ABSTRACT

In the past decades, gentrification has become one of the most vigorously discussed phenomena of the post-Fordist city. Conventionally defined as “the restoration and upgrading of deteriorated urban property by middle class and affluent people, often resulting in displacement of lower-income people” (Gentrification 2006), gentrification processes have visibly affected and transformed many inner-city neighborhoods across the United States. While the term’s connotations of class takeover of the inner city initially led to various attempts by supporters of the process to dispose of the “dirty word” and replace it with more palatable labels such as “urban renaissance,” “neighborhood reinvestment,” or “inner-city revitalization,” both the term “gentrification” as well as the various processes connected to it have become the norm in contemporary urban development and in its discussion (Lees, Slater, and Wyly 2008: 154–8). Particularly in the context of the general restructuring from an industrial to a postindustrial economy, the ascendancy of the knowledge and information sectors, and an ensuing intense urban competition for a “creative class” (Florida 2005) as the supposed guarantor of a city’s economic survival, the presence and production of gentrified spaces has become an important asset and a “global urban strategy” (Smith 2002) for various private and public actors in the urban realm.
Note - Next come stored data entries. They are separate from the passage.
class complex_inner_space = complex_vector_space + real_normed_vector +
  fixes cinner :: "'a \<Rightarrow> 'a \<Rightarrow> complex"
  assumes cinner_commute: "cinner x y = cnj (cinner y x)"
    and cinner_add_left: "cinner (x + y) z = cinner x z + cinner y z"
    and cinner_scaleC_left: "cinner (scaleC r x) y = cnj r * cinner x y"
    and cinner_self_norm: "cinner x x = complex_of_real ((norm x)\<^sup>2)"

text \<open>A (not necessarily densely defined) linear operator, identified with its graph:
  a linear subspace of H x H that is single-valued.\<close>

definition real_linear_operator :: "('a::real_vector \<times> 'a) set \<Rightarrow> bool" where
  "real_linear_operator S \<longleftrightarrow>
     (0, 0) \<in> S \<and>
     (\<forall>x y u v. (x, y) \<in> S \<longrightarrow> (u, v) \<in> S \<longrightarrow> (x + u, y + v) \<in> S) \<and>
     (\<forall>c x y. (x, y) \<in> S \<longrightarrow> (scaleR c x, scaleR c y) \<in> S) \<and>
     (\<forall>x y z. (x, y) \<in> S \<longrightarrow> (x, z) \<in> S \<longrightarrow> y = z)"

definition complex_linear_operator :: "('a::complex_vector_space \<times> 'a) set \<Rightarrow> bool" where
  "complex_linear_operator S \<longleftrightarrow>
     (0, 0) \<in> S \<and>
     (\<forall>x y u v. (x, y) \<in> S \<longrightarrow> (u, v) \<in> S \<longrightarrow> (x + u, y + v) \<in> S) \<and>
     (\<forall>c x y. (x, y) \<in> S \<longrightarrow> (scaleC c x, scaleC c y) \<in> S) \<and>
     (\<forall>x y z. (x, y) \<in> S \<longrightarrow> (x, z) \<in> S \<longrightarrow> y = z)"

definition real_adjoint :: "('a::real_inner \<times> 'a) set \<Rightarrow> ('a \<times> 'a) set" where
  "real_adjoint R = {(k', h'). \<forall>(h, k) \<in> R. inner k k' = inner h h'}"

definition complex_adjoint :: "('a::complex_inner_space \<times> 'a) set \<Rightarrow> ('a \<times> 'a) set" where
  "complex_adjoint R = {(k', h'). \<forall>(h, k) \<in> R. cinner k k' = cinner h h'}"

end

theory Submission
  imports Defs
begin

text \<open>Let T = S \<inter> S*, so ran T = H. If (x, y) \<in> S, pick (u, y) \<in> T; then (x - u, 0) \<in> S
  while x - u \<in> ran S*, and ker S \<perp> ran S* forces x = u, so S \<subseteq> S*. If (k, h) \<in> S*, pick
  (u, h) \<in> T; then (k - u, 0) \<in> S*, and ker S* \<perp> ran S = H forces k = u, so S* \<subseteq> S.
  Now S* = S is single-valued, i.e. dom S has trivial orthogonal complement, hence is dense by
  the projection theorem (nearest points in complete convex sets, via the parallelogram law).
  Everything is done for an abstract real inner product; the complex case uses Re \<langle>x, y\<rangle>,
  which yields the same adjoint because a complex-linear S is invariant under multiplication
  by \<i>.\<close>

lemma zero_if_linear_le_quadratic:
  fixes c q :: real
  assumes "\<And>t. 2 * t * c \<le> t\<^sup>2 * q"
  shows "c = 0"
proof -
  define a where "a = \<bar>q\<bar> + 1"
  have a: "a > 0" "q < 2 * a" by (auto simp: a_def)
  have "2 * (c / a) * c \<le> (c / a)\<^sup>2 * q" by (rule assms)
  then have "2 * c * c * a \<le> c * c * q"
    using a by (simp add: power2_eq_square field_simps)
  then have "c\<^sup>2 * (2 * a - q) \<le> 0" by (simp add: power2_eq_square algebra_simps)
  with a have "c\<^sup>2 \<le> 0" by (simp add: mult_le_0_iff)
  then show ?thesis by simp
qed
(* Let $0<L<M$, $\mathcal{M}=\left]L,M\right[$, and let $\mu$ be a non-atomic finite Borel measure on $[L,M]$ with total mass $\mu([L,M])=M-L$. Then there exists a constant $C_0>0$ such that for every $u\in\mathcal{D}(\mathcal{M})$, $$\|u\|_{L^2_\mu(\mathcal{M})}\le C_0\,\Big\|x\,\frac{\partial u}{\partial x}\Big\|_{L^2(\mathcal{M})}.$$
   Context: $\mathcal{D}(\mathcal{M})$ is the space of smooth functions with compact support in $\mathcal{M}$; $\|u\|_{L^2_\mu(\mathcal{M})}=(\int_L^M u^2\,d\mu)^{1/2}$ and $\|\cdot\|_{L^2(\mathcal{M})}$ is the $L^2$ norm for Lebesgue measure on $\mathcal{M}$. *)

theory Defs
  imports "HOL-Analysis.Analysis"
begin

definition smooth_fun :: "(real \<Rightarrow> real) \<Rightarrow> bool" where
  "smooth_fun u \<longleftrightarrow> (\<forall>k x. ((deriv ^^ k) u) differentiable (at x))"

definition test_fun :: "real \<Rightarrow> real \<Rightarrow> (real \<Rightarrow> real) \<Rightarrow> bool" where
  "test_fun L M u \<longleftrightarrow> smooth_fun u \<and> compact (closure {x. u x \<noteq> 0})
      \<and> closure {x. u x \<noteq> 0} \<subseteq> {L<..<M}"

end

theory Submission
  imports Defs
begin

text \<open>A test function u vanishes at L, so u(x) is the integral of u' over [L, x]; by Cauchy-Schwarz,
  u(x)^2 is at most (M - L) times the integral of u'^2 over [L, M], and since t \<ge> L > 0 there,
  that integral is at most 1/L^2 times the integral of (t u'(t))^2. Integrating this uniform bound
  against \<mu>, whose total mass is M - L, gives the inequality with C0 = (M - L) / L.\<close>

lemma square_integral_le_length_mult_integral_square:
  fixes f :: "real \<Rightarrow> real"
  assumes "a \<le> b" and f: "continuous_on {a..b} f"
  shows "(integral {a..b} f)\<^sup>2 \<le> (b - a) * integral {a..b} (\<lambda>t. (f t)\<^sup>2)"
proof (cases "a = b")
  case False
  with \<open>a \<le> b\<close> have "0 < b - a" by simp
  define F where "F = integral {a..b} f"
  define F2 where "F2 = integral {a..b} (\<lambda>t. (f t)\<^sup>2)"
  define c where "c = F / (b - a)"
  have int_f: "f integrable_on {a..b}" and int_f2: "(\<lambda>t. (f t)\<^sup>2) integrable_on {a..b}"
    using f by (auto intro: integrable_continuous_real continuous_on_power)
  \<comment> \<open>the variance of f around its mean c is nonnegative\<close>
  have "0 \<le> integral {a..b} (\<lambda>t. (f t - c)\<^sup>2)"
    using f by (intro integral_nonneg integrable_continuous_real continuous_intros) auto
  also have "integral {a..b} (\<lambda>t. (f t - c)\<^sup>2)
      = integral {a..b} (\<lambda>t. ((f t)\<^sup>2 - 2 * c * f t) + c\<^sup>2)"
    by (rule integral_cong) (simp add: power2_eq_square algebra_simps)
  also have "\<dots> = F2 - 2 * c * F + c\<^sup>2 * (b - a)"
  proof -
    have int_cf: "(\<lambda>t. 2 * c * f t) integrable_on {a..b}"
      using f by (intro integrable_continuous_real continuous_intros)
    have "integral {a..b} (\<lambda>t. ((f t)\<^sup>2 - 2 * c * f t) + c\<^sup>2)
        = integral {a..b} (\<lambda>t. (f t)\<^sup>2 - 2 * c * f t) + integral {a..b} (\<lambda>t. c\<^sup>2)"
      using int_f2 int_cf by (intro integral_add integrable_diff) auto
    then show ?thesis
      using integral_diff[OF int_f2 int_cf] \<open>a \<le> b\<close> by (simp add: F_def F2_def)
  qed
  also have "\<dots> = F2 - F\<^sup>2 / (b - a)"
  proof -
    have "2 * (F / d) * F - (F / d)\<^sup>2 * d = F\<^sup>2 / d" if "d \<noteq> 0" for d :: real
      using that by (simp add: field_simps power2_eq_square)
    from this[of "b - a"] show ?thesis
      using \<open>0 < b - a\<close> unfolding c_def by linarith
  qed
  finally show ?thesis
    using \<open>0 < b - a\<close> by (simp add: F_def F2_def field_simps)
qed simp

lemma square_le_integral_square_deriv:
  fixes u D :: "real \<Rightarrow> real"
  assumes x: "a \<le> x" "x \<le> b" and "u a = 0"
    and u: "\<And>t. t \<in> {a..b} \<Longrightarrow> (u has_real_derivative D t) (at t within {a..b})"
    and D: "continuous_on {a..b} D"
  shows "(u x)\<^sup>2 \<le> (b - a) * integral {a..b} (\<lambda>t. (D t)\<^sup>2)"
proof -
  have D': "continuous_on {a..x} D"
    by (rule continuous_on_subset[OF D]) (use x in auto)
  have int_D2: "(\<lambda>t. (D t)\<^sup>2) integrable_on {a..c}" if "c \<le> b" for c
    using that by (intro integrable_continuous_real continuous_on_power continuous_on_subset[OF D]) auto
  have "(D has_integral u x - u a) {a..x}"
    using x by (intro fundamental_theorem_of_calculus)
      (auto simp: has_real_derivative_iff_has_vector_derivative[symmetric]
        intro: has_field_derivative_subset[OF u])
  then have "u x = integral {a..x} D"
    using \<open>u a = 0\<close> by (simp add: integral_unique)
  then have "(u x)\<^sup>2 \<le> (x - a) * integral {a..x} (\<lambda>t. (D t)\<^sup>2)"
    using square_integral_le_length_mult_integral_square[OF x(1) D'] by simp
  also have "\<dots> \<le> (b - a) * integral {a..b} (\<lambda>t. (D t)\<^sup>2)"
    using x int_D2[OF x(2)] int_D2[OF order_refl]
    by (intro mult_mono integral_subset_le integral_nonneg) auto
  finally show ?thesis .
qed

lemma integral_square_le_weighted_integral_square:
  fixes D :: "real \<Rightarrow> real"
  assumes "0 < a" and D: "continuous_on {a..b} D"
  shows "a\<^sup>2 * integral {a..b} (\<lambda>t. (D t)\<^sup>2) \<le> integral {a..b} (\<lambda>t. (t * D t)\<^sup>2)"
proof -
  have "a\<^sup>2 * integral {a..b} (\<lambda>t. (D t)\<^sup>2) = integral {a..b} (\<lambda>t. a\<^sup>2 * (D t)\<^sup>2)"
    by simp
  also have "\<dots> \<le> integral {a..b} (\<lambda>t. (t * D t)\<^sup>2)"
    using D \<open>0 < a\<close>
    by (intro integral_le integrable_continuous_real continuous_intros)
      (auto simp: power_mult_distrib intro!: mult_right_mono power_mono)
  finally show ?thesis .
qed

lemma set_integral_greaterThanLessThan_eq_integral:
  fixes f :: "real \<Rightarrow> real"
  assumes "a \<le> b" and "continuous_on {a..b} f"
  shows "(LINT x:{a<..<b}|lborel. f x) = integral {a..b} f"
proof -
  have "(LINT x:{a<..<b}|lborel. f x) = (LBINT x=a..b. f x)"
    by (simp add: interval_lebesgue_integral_def assms(1))
  also have "\<dots> = (LBINT x:{a..b}. f x)"
    using assms(1) by (rule interval_integral_Icc)
  also have "\<dots> = integral {a..b} f"
    using assms(2) by (intro set_borel_integral_eq_integral borel_integrable_atLeastAtMost')
  finally show ?thesis .
qed

lemma (in finite_measure) integral_le_const_mult_measure_space:
  fixes f :: "'a \<Rightarrow> real"
  assumes "\<And>x. x \<in> space M \<Longrightarrow> 0 \<le> f x" and "\<And>x. x \<in> space M \<Longrightarrow> f x \<le> c"
  shows "integral\<^sup>L M f \<le> c * measure M (space M)"
  using assms integral_mono'[of M "\<lambda>_. c" f] by (fastforce simp: mult.commute)

lemma measure_space_eq_if_null_outside:
  fixes \<mu> :: "'a::topological_space measure"
  assumes "sets \<mu> = sets borel" and "S \<in> sets borel"
    and "emeasure \<mu> (- S) = 0" and "emeasure \<mu> S = ennreal c" and "0 \<le> c"
  shows "finite_measure \<mu>" and "measure \<mu> (space \<mu>) = c"
proof -
  have space: "space \<mu> = UNIV"
    using sets_eq_imp_space_eq[OF assms(1)] by simp
  have "emeasure \<mu> (space \<mu>) = emeasure \<mu> S + emeasure \<mu> (- S)"
    unfolding space using assms(1,2)
    by (subst plus_emeasure) (auto simp: Compl_eq_Diff_UNIV)
  then have "emeasure \<mu> (space \<mu>) = ennreal c"
    using assms(3,4) by simp
  then show "finite_measure \<mu>" and "measure \<mu> (space \<mu>) = c"
    using \<open>0 \<le> c\<close> by (auto intro: finite_measureI simp: measure_def)
qed

lemma test_fun_eq_0_outside:
  assumes "test_fun L M u" and "x \<notin> {L<..<M}"
  shows "u x = 0"
  using assms closure_subset[of "{x. u x \<noteq> 0}"] by (auto simp: test_fun_def)

lemma test_fun_has_real_derivative:
  assumes "test_fun L M u"
  shows "(u has_real_derivative deriv u x) (at x)"
proof -
  have "\<And>k x. ((deriv ^^ k) u) differentiable (at x)"
    using assms by (simp add: test_fun_def smooth_fun_def)
  from this[of 0 x] show ?thesis
    by (simp add: DERIV_deriv_iff_real_differentiable)
qed

lemma test_fun_continuous_on_deriv:
  assumes "test_fun L M u"
  shows "continuous_on S (deriv u)"
proof -
  have "\<And>x. ((deriv ^^ 1) u) differentiable (at x)"
    using assms by (simp only: test_fun_def smooth_fun_def)
  then show ?thesis
    by (auto intro!: continuous_at_imp_continuous_on differentiable_imp_continuous_within)
qed

lemma test_fun_square_le_weighted_integral:
  assumes u: "test_fun L M u" and "0 < L" and "L \<le> M"
  shows "(u x)\<^sup>2 \<le> (M - L) / L\<^sup>2 * integral {L..M} (\<lambda>t. (t * deriv u t)\<^sup>2)"
proof -
  have cont: "continuous_on {L..M} (deriv u)"
    using u by (rule test_fun_continuous_on_deriv)
  have "(u x)\<^sup>2 \<le> (M - L) * integral {L..M} (\<lambda>t. (deriv u t)\<^sup>2)"
  proof (cases "x \<in> {L<..<M}")
    case True
    have "u L = 0"
      using u by (rule test_fun_eq_0_outside) simp
    moreover have "(u has_real_derivative deriv u t) (at t within {L..M})" for t
      using test_fun_has_real_derivative[OF u] by (rule has_field_derivative_at_within)
    ultimately show ?thesis
      using True cont by (intro square_le_integral_square_deriv) auto
  next
    case False
    have "0 \<le> integral {L..M} (\<lambda>t. (deriv u t)\<^sup>2)"
      using cont by (intro integral_nonneg integrable_continuous_real continuous_on_power) auto
    then show ?thesis
      using test_fun_eq_0_outside[OF u False] \<open>L \<le> M\<close> by simp
  qed
  also have "\<dots> \<le> (M - L) * (integral {L..M} (\<lambda>t. (t * deriv u t)\<^sup>2) / L\<^sup>2)"
    using integral_square_le_weighted_integral_square[OF \<open>0 < L\<close> cont] \<open>0 < L\<close> \<open>L \<le> M\<close>
    by (intro mult_left_mono) (simp_all add: le_divide_eq mult.commute)
  finally show ?thesis
    by simp
qed

theorem mainTheorem5:
  fixes L M :: real and \<mu> :: "real measure"
  assumes "0 < L" "L < M"
    and "sets \<mu> = sets borel"
    and "emeasure \<mu> (- {L..M}) = 0"
    and "emeasure \<mu> {L..M} = ennreal (M - L)"
    and "\<forall>x. emeasure \<mu> {x} = 0"
  shows "\<exists>C0 > 0. \<forall>u. test_fun L M u \<longrightarrow>
           sqrt (LINT x|\<mu>. (u x)\<^sup>2)
             \<le> C0 * sqrt (LINT x:{L<..<M}|lborel. (x * deriv u x)\<^sup>2)"
proof (intro exI[of _ "(M - L) / L"] conjI allI impI)
  show "0 < (M - L) / L"
    using assms(1,2) by simp
  fix u assume u: "test_fun L M u"
  define J where "J = integral {L..M} (\<lambda>t. (t * deriv u t)\<^sup>2)"
  have "finite_measure \<mu>" and mass: "measure \<mu> (space \<mu>) = M - L"
    using measure_space_eq_if_null_outside[OF assms(3) _ assms(4,5)] assms(2) by auto
  then have "(LINT x|\<mu>. (u x)\<^sup>2) \<le> (M - L) / L\<^sup>2 * J * measure \<mu> (space \<mu>)"
    using test_fun_square_le_weighted_integral[OF u assms(1)] assms(2)
    by (intro finite_measure.integral_le_const_mult_measure_space) (simp_all add: J_def)
  then have "sqrt (LINT x|\<mu>. (u x)\<^sup>2) \<le> sqrt (((M - L) / L)\<^sup>2 * J)"
    by (simp add: mass power2_eq_square mult_ac)
  also have "\<dots> = (M - L) / L * sqrt J"
    using assms(1,2) by (simp add: real_sqrt_mult)
  also have "J = (LINT x:{L<..<M}|lborel. (x * deriv u x)\<^sup>2)"
    unfolding J_def using assms(2) test_fun_continuous_on_deriv[OF u]
    by (intro set_integral_greaterThanLessThan_eq_integral[symmetric] continuous_intros) auto
  finally show "sqrt (LINT x|\<mu>. (u x)\<^sup>2)
      \<le> (M - L) / L * sqrt (LINT x:{L<..<M}|lborel. (x * deriv u x)\<^sup>2)" .
qed

end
Typically, neighborhoods experiencing gentrification exhibit a wide variety of social and ethnic, but also physical and architectural diversity. Although this heterogeneity might seem to limit the possibilities of creating easily consumable themed urban spaces, the neighborhoods’ diverse history and populations are able to exactly provide what large segments of the “creative class” seem to yearn for: presumably authentic and unique experiences within a neo-bohemian lifestyle (Lloyd 2006). Particularly a neighborhood’s ethnic past and the presence of ethnic groups have often come to play a significant role in attempts to promote and market the neighborhood’s lifestyle options.